Будучи увлекательным чтивом, «Записки» Наживина, возможно, еще больший интерес представляют как исторический документ. Удивительно, но факт: спустя век после тех трагических событий мы имеем дело с новым уникальным свидетельством очевидца: и по хронологическому, и по географическому охвату событий и действующих лиц «Запискам» нет равных. Скажем, в «Окаянных днях» Бунина описываются Москва 1918 года и Одесса 1919-го. У Наживина, словно в кинохронике, запечатлена почти вся Россия с февраля 1917 года по апрель 1921-го: практичные активисты крестьянских сходов, бойкие базарные торговки — оппоненты революционеров на городских митингах, наивно восторженные кронштадтские матросы, жадные до имущества «биржуазов» красноармейцы и их большевистские начальнички, самонадеянная в своей приверженности новому строю и все же ностальгирующая по вежливым царским городовым образованная публика, интеллигентные беспомощные политики, обманутые политиками офицеры и генералы... А поскольку перо у Наживина не только умелое, но и честное, этому «кино» можно доверять.

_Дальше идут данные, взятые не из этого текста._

lemma filt_wr_precompose:
  assumes k: "continuous_map X' X k" "k x0' = x0"
    and x0': "x0' \<in> topspace X'" and U: "topspace U \<noteq> {}"
    and V: "V \<in> filt_wr U X x0 Y y0 s"
  shows "postcomp_chain (\<lambda>f. restrict (f \<circ> k) (topspace X')) (topspace U) V \<in> filt_wr U X' x0' Y y0 s"
proof (rule filt_wr_postcomp_chain[OF V continuous_map_CO_precompose[OF k x0']])
  have x0: "x0 \<in> topspace X" using k x0' by (auto simp: continuous_map_def)
  have wr_k: "continuous_map (wr_top U X' x0') (wr_top U X x0) (wr_map x0 k)"
    using k by (rule continuous_map_wr_map)
  show "sharp U X' x0' y0 (postcomp (\<lambda>f. restrict (f \<circ> k) (topspace X')) (topspace U) w)
      = restrict (sharp U X x0 y0 w \<circ> wr_map x0 k) (topspace (wr_top U X' x0'))"
    if "w \<in> unbased_maps U (CO X x0 Y y0)" for w
    using that k None_in_topspace_wr_top[OF U x0] by (rule sharp_postcomp_precompose)
  show "restrict (f \<circ> wr_map x0 k) (topspace (wr_top U X' x0')) \<in> based_maps (wr_top U X' x0') None Y y0"
    if "f \<in> based_maps (wr_top U X x0) None Y y0" for f
    using based_maps_precompose[OF that wr_k _ None_in_topspace_wr_top[OF U x0']]
    by (simp add: wr_map_def)
  show "\<exists>R\<in>Fsets (wr_top U X x0) None (s - 1). \<exists>\<Gamma>. \<forall>f.
      restrict (restrict (f \<circ> wr_map x0 k) (topspace (wr_top U X' x0'))) R' = \<Gamma> (restrict f R)"
    if R': "R' \<in> Fsets (wr_top U X' x0') None (s - 1)" for R'
  proof (intro bexI[of _ "wr_map x0 k ` R'"] exI[of _ "\<lambda>g. restrict (g \<circ> wr_map x0 k) R'"] allI)
    show "wr_map x0 k ` R' \<in> Fsets (wr_top U X x0) None (s - 1)"
      using R' wr_k card_image_le[of R' "wr_map x0 k"] unfolding Fsets_def
      by (auto simp: continuous_map_def wr_map_def intro!: image_eqI[of None _ None])
  qed (use R' in \<open>auto simp: Fsets_def restrict_def fun_eq_iff\<close>)
qed

lemma approx_r_postcompose:
  assumes h: "continuous_map Y Y' h" "h y0 = y0'" and x0: "x0 \<in> topspace X"
    and "approx_r X x0 Y y0 r a b"
  shows "approx_r X x0 Y' y0' r (h \<circ> a) (h \<circ> b)"
proof (rule approx_r_transfer[OF continuous_map_CO_postcompose[OF h x0] _ _ _ assms(4)])
  show "postcomp_chain (\<lambda>f. restrict (h \<circ> f) (topspace X)) (dsimplex E) V
      \<in> filt_wr (dsimplex_top E) X x0 Y' y0' (Suc r)"
    if "finite E" "E \<noteq> {}" "V \<in> filt_wr (dsimplex_top E) X x0 Y y0 (Suc r)" for E V
    using filt_wr_postcompose[OF h x0 _ that(3)] dsimplex_nonempty[OF that(1,2)] by simp
qed (auto intro: restrict_ext)

lemma approx_r_precompose:
  assumes k: "continuous_map X' X k" "k x0' = x0" and x0': "x0' \<in> topspace X'"
    and "approx_r X x0 Y y0 r a b"
  shows "approx_r X' x0' Y y0 r (a \<circ> k) (b \<circ> k)"
proof (rule approx_r_transfer[OF continuous_map_CO_precompose[OF k x0'] _ _ _ assms(4)])
  show "postcomp_chain (\<lambda>f. restrict (f \<circ> k) (topspace X')) (dsimplex E) V
      \<in> filt_wr (dsimplex_top E) X' x0' Y y0 (Suc r)"
    if "finite E" "E \<noteq> {}" "V \<in> filt_wr (dsimplex_top E) X x0 Y y0 (Suc r)" for E V
    using filt_wr_precompose[OF k x0' _ that(3)] dsimplex_nonempty[OF that(1,2)] by simp
  have "k x \<in> topspace X" if "x \<in> topspace X'" for x
    using k(1) that by (auto simp: continuous_map_def)
  then show "restrict (restrict a (topspace X) \<circ> k) (topspace X') = restrict (a \<circ> k) (topspace X')"
    and "restrict (restrict b (topspace X) \<circ> k) (topspace X') = restrict (b \<circ> k) (topspace X')"
    by (auto intro: restrict_ext)
qed

lemma cellular_space_basepoint: "cellular_space X x0 \<Longrightarrow> x0 \<in> topspace X"
  unfolding cellular_space_def cw_structure_def by blast

theorem corollary5p1:
  fixes X :: "'x topology" and Y :: "'y topology"
    and X' :: "'x2 topology" and Y' :: "'y2 topology"
    and r :: nat
  assumes "cellular_space X x0" and "cellular_space Y y0"
    and "cellular_space X' x0'" and "cellular_space Y' y0'"
    and "compact_space X" and "compact_space X'"
    and "continuous_map X' X k" and "k x0' = x0"
    and "continuous_map Y Y' h" and "h y0 = y0'"
    and "continuous_map X Y a" and "a x0 = y0"
    and "continuous_map X Y b" and "b x0 = y0"
    and "approx_r X x0 Y y0 r a b"
  shows "approx_r X' x0' Y y0 r (a \<circ> k) (b \<circ> k) \<and> approx_r X x0 Y' y0' r (h \<circ> a) (h \<circ> b)"
proof
  show "approx_r X' x0' Y y0 r (a \<circ> k) (b \<circ> k)"
    using assms(7,8) cellular_space_basepoint[OF assms(3)] assms(15) by (rule approx_r_precompose)
  show "approx_r X x0 Y' y0' r (h \<circ> a) (h \<circ> b)"
    using assms(9,10) cellular_space_basepoint[OF assms(1)] assms(15) by (rule approx_r_postcompose)
qed

end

От субъективности и тем более подлогов, к которым бывают склонны мемуаристы, озабоченные самооправданием в глазах современников и потомков, автора «Записок» спасала его беспартийность (она же была причиной того, что писатель оставался изгоем в политизированной интеллигентской среде как до революции, так и после). Кроме того, писал он если и не в режиме онлайн, как бы сейчас сказали, то, во всяком случае, не откладывая в долгий ящик, по горячим следам происходивших событий, так что возможности для инсинуаций у него были минимальны. Но, пожалуй, главное, что делало Наживина честным историографом, — совестливость, непреоборимое чувство правды, которую он готов был увидеть и принять даже ценой отказа от собственных убеждений, — прямое следствие его крестьянского происхождения.
Крестьянская совесть вообще сыграла большую роль в литературе XX века. В начале столетия среди писателей появилось много выходцев из крестьян: Иван Вольнов, Ефим Честняков, Сергей Семенов, Алексей Чапыгин, Иван Касаткин, Семен Подъячев — и они приняли эстафету у классической, дворянской литературы XIX века, клонившейся к закату. Символичны поэтому, например, доверительные отношения, почти дружба, которая связывала Наживина со Львом Толстым в последнее десятилетие жизни яснополянского старца. В то же время эта новая волна привнесла в русскую литературу нечто такое, чего не было у классиков. Речь идет об особой, пронзительной исповедальности сочинений крестьянских авторов, связанной в том числе с нараставшим кризисом русского национального самосознания: он больнее всего задевал деревню как источник и носитель национальной традиции. Эта мучительная, растянувшаяся на десятилетия рефлексия, идущая из самой толщи народа, после 1917 года питала лучшие произведения советской литературы — «Тихий Дон», прозу писателей-деревенщиков, писателей-фронтовиков.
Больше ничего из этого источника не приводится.